# Rubik's 360 in competitions?



## ham10444 (Oct 10, 2009)

Will the new Rubik's 360 be an offical event in WCA competitions? i just wanted to know so if i should go buy one or not. please respond


----------



## Cyrok215 (Oct 10, 2009)

I assume so, It's at the World Championship.


----------



## ham10444 (Oct 10, 2009)

Cyrok215 said:


> Yes, It's at the World Championship.



interesting


----------



## Mike Hughey (Oct 10, 2009)

It's at the world championship, but it's not yet an official event. I would assume that if it is to become one, it will need to be introduced into the official regulations, which will probably happen at the beginning of next year at the usual time.


----------



## Cyrok215 (Oct 10, 2009)

Mike Hughey said:


> It's at the world championship, but it's not yet an official event. I would assume that if it is to become one, it will need to be introduced into the official regulations, which will probably happen at the beginning of next year at the usual time.

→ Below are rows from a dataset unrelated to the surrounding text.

(* Let $A\subseteq B$ be commutative semirings, $S=A[x_1,\dots,x_n]$, $\rho$ a congruence on $B$, and $T\subseteq S\times S$ non-empty. Then there is a bijection between $Z_\rho(T)(B)/\rho$ and $\mathrm{Hom}_{A\text{-alg}}(S/T^{c},B/\rho)$; in particular $\#\,Z_\rho(T)(B)/\rho=\#\,\mathrm{Hom}_{A\text{-alg}}(S/T^{c},B/\rho)$. In particular, if $\rho=\mathrm{id}_B$, then $\#\,Z_{\mathrm{id}_B}(T)(B)=\#\,\mathrm{Hom}_{A\text{-alg}}(S/T^{c},B)$.
   Context: Semirings are commutative with $0$ and $1\neq0$, $0a=0$; congruences are equivalence relations compatible with $+$ and $\cdot$; $\mathrm{id}_B=\{(b,b)\}$. $T^{c}$ is the congruence on $S$ generated by $T$. $Z_\rho(T)(B)=\{P\in B^n:(f(P),g(P))\in\rho\ \forall(f,g)\in T\}$. For $Y\subseteq B^n$, $Y/\rho=\{(\bar c_1,\dots,\bar c_n):(c_1,\dots,c_n)\in Y\}\subseteq(B/\rho)^n$ where $\bar c$ is the class of $c$ modulo $\rho$. An $A$-semialgebra is a commutative semiring $C$ which is an $A$-semimodule with $a(bc)=(ab)c=b(ac)$; $S/T^{c}$ and $B/\rho$ are $A$-semialgebras via $A\hookrightarrow S\to S/T^{c}$ and $A\hookrightarrow B\to B/\rho$. $\mathrm{Hom}_{A\text{-alg}}(C,D)$ is the set of maps that are semiring homomorphisms (preserving $0,1,+,\cdot$) and $A$-semimodule homomorphisms. *)

theory Defs
  imports Main "HOL-Library.Poly_Mapping" "HOL-Library.FuncSet"
begin

text \<open>Multivariate polynomials over the ambient semiring 'b: maps from monomials
  (exponent vectors nat =>0 nat) to coefficients.\<close>
type_synonym 'b mpoly = "(nat \<Rightarrow>\<^sub>0 nat) \<Rightarrow>\<^sub>0 'b"

definition subsemiring :: "'b::comm_semiring_1 set \<Rightarrow> bool" where
  "subsemiring A \<longleftrightarrow> 0 \<in> A \<and> 1 \<in> A \<and> (\<forall>x\<in>A. \<forall>y\<in>A. x + y \<in> A \<and> x * y \<in> A)"

text \<open>S = A[x_0,...,x_(n-1)]: coefficients in A, only variables with index < n.\<close>
definition poly_carrier :: "'b::comm_semiring_1 set \<Rightarrow> nat \<Rightarrow> 'b mpoly set" where
  "poly_carrier A n = {p::'b mpoly. \<forall>m::nat \<Rightarrow>\<^sub>0 nat\<in>Poly_Mapping.keys p. Poly_Mapping.lookup p m \<in> A \<and> (\<forall>i\<in>Poly_Mapping.keys m. i < n)}"

definition const_poly :: "'b::comm_semiring_1 \<Rightarrow> 'b mpoly" where
  "const_poly a = Poly_Mapping.single 0 a"

definition peval :: "'b::comm_semiring_1 list \<Rightarrow> 'b mpoly \<Rightarrow> 'b" where
  "peval P p = (\<Sum>m\<in>Poly_Mapping.keys p. Poly_Mapping.lookup p m * (\<Prod>i\<in>Poly_Mapping.keys m. (P ! i) ^ Poly_Mapping.lookup m i))"

definition is_congruence :: "'a::comm_semiring_1 set \<Rightarrow> ('a \<times> 'a) set \<Rightarrow> bool" where
  "is_congruence C R \<longleftrightarrow> equiv C R \<and>
     (\<forall>(a,b)\<in>R. \<forall>(c,d)\<in>R. (a + c, b + d) \<in> R \<and> (a * c, b * d) \<in> R)"

definition gen_congruence :: "'a::comm_semiring_1 set \<Rightarrow> ('a \<times> 'a) set \<Rightarrow> ('a \<times> 'a) set" where
  "gen_congruence C T = \<Inter>{R. is_congruence C R \<and> T \<subseteq> R}"

definition zero_set :: "nat \<Rightarrow> ('b::comm_semiring_1 \<times> 'b) set \<Rightarrow> ('b mpoly \<times> 'b mpoly) set \<Rightarrow> 'b list set" where
  "zero_set n \<rho> T = {P. length P = n \<and> (\<forall>(f,g)\<in>T. (peval P f, peval P g) \<in> \<rho>)}"

definition pts_mod :: "'b list set \<Rightarrow> ('b \<times> 'b) set \<Rightarrow> 'b set list set" where
  "pts_mod Y \<rho> = (\<lambda>P. map (\<lambda>c. \<rho> `` {c}) P) ` Y"

definition qadd :: "('a::comm_semiring_1 \<times> 'a) set \<Rightarrow> 'a set \<Rightarrow> 'a set \<Rightarrow> 'a set" where
  "qadd R X Y = R `` {x + y |x y. x \<in> X \<and> y \<in> Y}"

definition qmul :: "('a::comm_semiring_1 \<times> 'a) set \<Rightarrow> 'a set \<Rightarrow> 'a set \<Rightarrow> 'a set" where
  "qmul R X Y = R `` {x * y |x y. x \<in> X \<and> y \<in> Y}"

definition qsmul :: "('a::comm_semiring_1 \<times> 'a) set \<Rightarrow> 'a \<Rightarrow> 'a set \<Rightarrow> 'a set" where
  "qsmul R c X = R `` {c * x |x. x \<in> X}"

definition alg_hom_quot ::
  "'b::comm_semiring_1 set \<Rightarrow> nat \<Rightarrow> ('b mpoly \<times> 'b mpoly) set \<Rightarrow> ('b \<times> 'b) set
    \<Rightarrow> ('b mpoly set \<Rightarrow> 'b set) set" where
  "alg_hom_quot A n Tc \<rho> = {h.
     h \<in> (poly_carrier A n // Tc) \<rightarrow>\<^sub>E (UNIV // \<rho>) \<and>
     h (Tc `` {0}) = \<rho> `` {0} \<and> h (Tc `` {1}) = \<rho> `` {1} \<and>
     (\<forall>X\<in>poly_carrier A n // Tc. \<forall>Y\<in>poly_carrier A n // Tc.
        h (qadd Tc X Y) = qadd \<rho> (h X) (h Y) \<and> h (qmul Tc X Y) = qmul \<rho> (h X) (h Y)) \<and>
     (\<forall>a\<in>A. \<forall>X\<in>poly_carrier A n // Tc. h (qsmul Tc (const_poly a) X) = qsmul \<rho> a (h X))}"

definition alg_hom_B ::
  "'b::comm_semiring_1 set \<Rightarrow> nat \<Rightarrow> ('b mpoly \<times> 'b mpoly) set \<Rightarrow> ('b mpoly set \<Rightarrow> 'b) set" where
  "alg_hom_B A n Tc = {h.
     h \<in> (poly_carrier A n // Tc) \<rightarrow>\<^sub>E UNIV \<and>
     h (Tc `` {0}) = 0 \<and> h (Tc `` {1}) = 1 \<and>
     (\<forall>X\<in>poly_carrier A n // Tc. \<forall>Y\<in>poly_carrier A n // Tc.
        h (qadd Tc X Y) = h X + h Y \<and> h (qmul Tc X Y) = h X * h Y) \<and>
     (\<forall>a\<in>A. \<forall>X\<in>poly_carrier A n // Tc. h (qsmul Tc (const_poly a) X) = a * h X)}"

Oh, I thought it had to be an official event to be at a competition.... My mistake.


----------



## Mike Hughey (Oct 10, 2009)

We're allowed to have non-official events at competitions; it's just that they don't count and won't go in the official database. The Rubik's 360 is a special case - it's being sponsored, so the competition is being partially paid for (and therefore made possible) by adding that event. The same thing is true about the Touch Cube, I think.


----------



## IamWEB (Oct 12, 2009)

I think the 360 would be a very fun addition to the events!
I hope it becomes one, but I'm not sure how many competitors it would have at the average competition.


----------